• [Data to use]
[Start of section]

lemma differential_square_entry:
  assumes H: "H \<in> level_set P n" and K: "K \<in> level_set P (Suc (Suc n))"
  shows "cmp (proj (Suc (Suc n)) K) (cmp (cmp (d (Suc n)) (d n)) (iota n H)) = zr (Fo H) (Fo K)"
proof -
  let ?paths = "{H'. cov H H' \<and> cov H' K}"
  have "cmp (proj (Suc (Suc n)) K) (cmp (cmp (d (Suc n)) (d n)) (iota n H))
      = hsum (Fo H) (Fo K)
          (\<lambda>H'. cmp (cmp (proj (Suc (Suc n)) K) (cmp (d (Suc n)) (iota (Suc n) H')))
            (cmp (proj (Suc n) H') (cmp (d n) (iota n H))))
          (level_set P (Suc n))"
    using H K by (intro finite_biproduct.comp_entry_homsum[OF biproduct_level_set])
      (auto intro: differential_closed)
  also have "\<dots> = hsum (Fo H) (Fo K)
      (\<lambda>H'. if H' \<in> ?paths then cmp (s H' K) (s H H') else zr (Fo H) (Fo K)) (level_set P (Suc n))"
  proof (intro homsum_cong)
    fix H' assume H': "H' \<in> level_set P (Suc n)"
    have zero_comp: "cmp (zr (Fo H') (Fo K)) f = zr (Fo H) (Fo K)"
      if "f \<in> Hom (Fo H) (Fo H')" for f
      using that H H' K by (intro comp_zero_right) auto
    have comp_zero: "cmp g (zr (Fo H) (Fo H')) = zr (Fo H) (Fo K)"
      if "g \<in> Hom (Fo H') (Fo K)" for g
      using that H H' K by (intro comp_zero_left) auto
    show "cmp (cmp (proj (Suc (Suc n)) K) (cmp (d (Suc n)) (iota (Suc n) H')))
          (cmp (proj (Suc n) H') (cmp (d n) (iota n H)))
        = (if H' \<in> ?paths then cmp (s H' K) (s H H') else zr (Fo H) (Fo K))"
      using H H' K zero_comp comp_zero zero_closed[of "Fo H" "Fo H'"]
      by (auto simp: differential_entry)
  qed (use H K in \<open>auto intro!: comp_closed\<close>)
  also have "\<dots> = hsum (Fo H) (Fo K) (\<lambda>H'. cmp (s H' K) (s H H')) ?paths"
  proof (intro homsum_restrict finite_biproduct.finite_index[OF biproduct_level_set])
    show "?paths \<subseteq> level_set P (Suc n)"
      using H covers_level_set by blast
  qed (use H K in \<open>auto intro!: comp_closed\<close>)
  also have "\<dots> = zr (Fo H) (Fo K)"
    using H K by (intro signed_paths_cancel) (auto simp: level_set_def)
  finally show ?thesis .
qed

lemma differential_comp_differential: "cmp (d (Suc n)) (d n) = zr (C n) (C (Suc (Suc n)))"
proof (rule finite_biproduct.hom_from_biproduct_eqI[OF biproduct_level_set])
  fix H assume H: "H \<in> level_set P n"
  show "cmp (cmp (d (Suc n)) (d n)) (iota n H) = cmp (zr (C n) (C (Suc (Suc n)))) (iota n H)"
  proof (rule finite_biproduct.hom_into_biproduct_eqI[OF biproduct_level_set])
    fix K assume K: "K \<in> level_set P (Suc (Suc n))"
    have "cmp (proj (Suc (Suc n)) K) (cmp (zr (C n) (C (Suc (Suc n)))) (iota n H))
        = zr (Fo H) (Fo K)"
      using H K
      by (simp add: comp_zero_right[of _ "Fo H" "C n"] comp_zero_left[of _ _ _ "Fo H"]
          iota_closed proj_closed)
    then show "cmp (proj (Suc (Suc n)) K) (cmp (cmp (d (Suc n)) (d n)) (iota n H))
        = cmp (proj (Suc (Suc n)) K) (cmp (zr (C n) (C (Suc (Suc n)))) (iota n H))"
      using differential_square_entry[OF H K] by simp
  qed (use H in \<open>auto intro!: comp_closed differential_closed\<close>)
qed (auto intro!: comp_closed differential_closed)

[End of section]

• [What the exercise asks]
Transcribe all of the material above so that it matches the source exactly.

• [Answer space]
lemma differential_square_entry:
  assumes H: "H \<in> level_set P n" and K: "K \<in> level_set P (Suc (Suc n))"
  shows "cmp (proj (Suc (Suc n)) K) (cmp (cmp (d (Suc n)) (d n)) (iota n H)) = zr (Fo H) (Fo K)"
proof -
  let ?paths = "{H'. cov H H' \<and> cov H' K}"
  have "cmp (proj (Suc (Suc n)) K) (cmp (cmp (d (Suc n)) (d n)) (iota n H))
      = hsum (Fo H) (Fo K)
          (\<lambda>H'. cmp (cmp (proj (Suc (Suc n)) K) (cmp (d (Suc n)) (iota (Suc n) H')))
            (cmp (proj (Suc n) H') (cmp (d n) (iota n H))))
          (level_set P (Suc n))"
    using H K by (intro finite_biproduct.comp_entry_homsum[OF biproduct_level_set])
      (auto intro: differential_closed)
  also have "\<dots> = hsum (Fo H) (Fo K)
      (\<lambda>H'. if H' \<in> ?paths then cmp (s H' K) (s H H') else zr (Fo H) (Fo K)) (level_set P (Suc n))"
  proof (intro homsum_cong)
    fix H' assume H': "H' \<in> level_set P (Suc n)"
    have zero_comp: "cmp (zr (Fo H') (Fo K)) f = zr (Fo H) (Fo K)"
      if "f \<in> Hom (Fo H) (Fo H')" for f
      using that H H' K by (intro comp_zero_right) auto
    have comp_zero: "cmp g (zr (Fo H) (Fo H')) = zr (Fo H) (Fo K)"
      if "g \<in> Hom (Fo H') (Fo K)" for g
      using that H H' K by (intro comp_zero_left) auto
    show "cmp (cmp (proj (Suc (Suc n)) K) (cmp (d (Suc n)) (iota (Suc n) H')))
          (cmp (proj (Suc n) H') (cmp (d n) (iota n H)))
        = (if H' \<in> ?paths then cmp (s H' K) (s H H') else zr (Fo H) (Fo K))"
      using H H' K zero_comp comp_zero zero_closed[of "Fo H" "Fo H'"]
      by (auto simp: differential_entry)
  qed (use H K in \<open>auto intro!: comp_closed\<close>)
  also have "\<dots> = hsum (Fo H) (Fo K) (\<lambda>H'. cmp (s H' K) (s H H')) ?paths"
  proof (intro homsum_restrict finite_biproduct.finite_index[OF biproduct_level_set])
    show "?paths \<subseteq> level_set P (Suc n)"
      using H covers_level_set by blast
  qed (use H K in \<open>auto intro!: comp_closed\<close>)
  also have "\<dots> = zr (Fo H) (Fo K)"
    using H K by (intro signed_paths_cancel) (auto simp: level_set_def)
  finally show ?thesis .
qed

lemma differential_comp_differential: "cmp (d (Suc n)) (d n) = zr (C n) (C (Suc (Suc n)))"
proof (rule finite_biproduct.hom_from_biproduct_eqI[OF biproduct_level_set])
  fix H assume H: "H \<in> level_set P n"
  show "cmp (cmp (d (Suc n)) (d n)) (iota n H) = cmp (zr (C n) (C (Suc (Suc n)))) (iota n H)"
  proof (rule finite_biproduct.hom_into_biproduct_eqI[OF biproduct_level_set])
    fix K assume K: "K \<in> level_set P (Suc (Suc n))"
    have "cmp (proj (Suc (Suc n)) K) (cmp (zr (C n) (C (Suc (Suc n)))) (iota n H))
        = zr (Fo H) (Fo K)"
      using H K
      by (simp add: comp_zero_right[of _ "Fo H" "C n"] comp_zero_left[of _ _ _ "Fo H"]
          iota_closed proj_closed)
    then show "cmp (proj (Suc (Suc n)) K) (cmp (cmp (d (Suc n)) (d n)) (iota n H))
        = cmp (proj (Suc (Suc n)) K) (cmp (zr (C n) (C (Suc (Suc n)))) (iota n H))"
      using differential_square_entry[OF H K] by simp
  qed (use H in \<open>auto intro!: comp_closed differential_closed\<close>)
qed (auto intro!: comp_closed differential_closed)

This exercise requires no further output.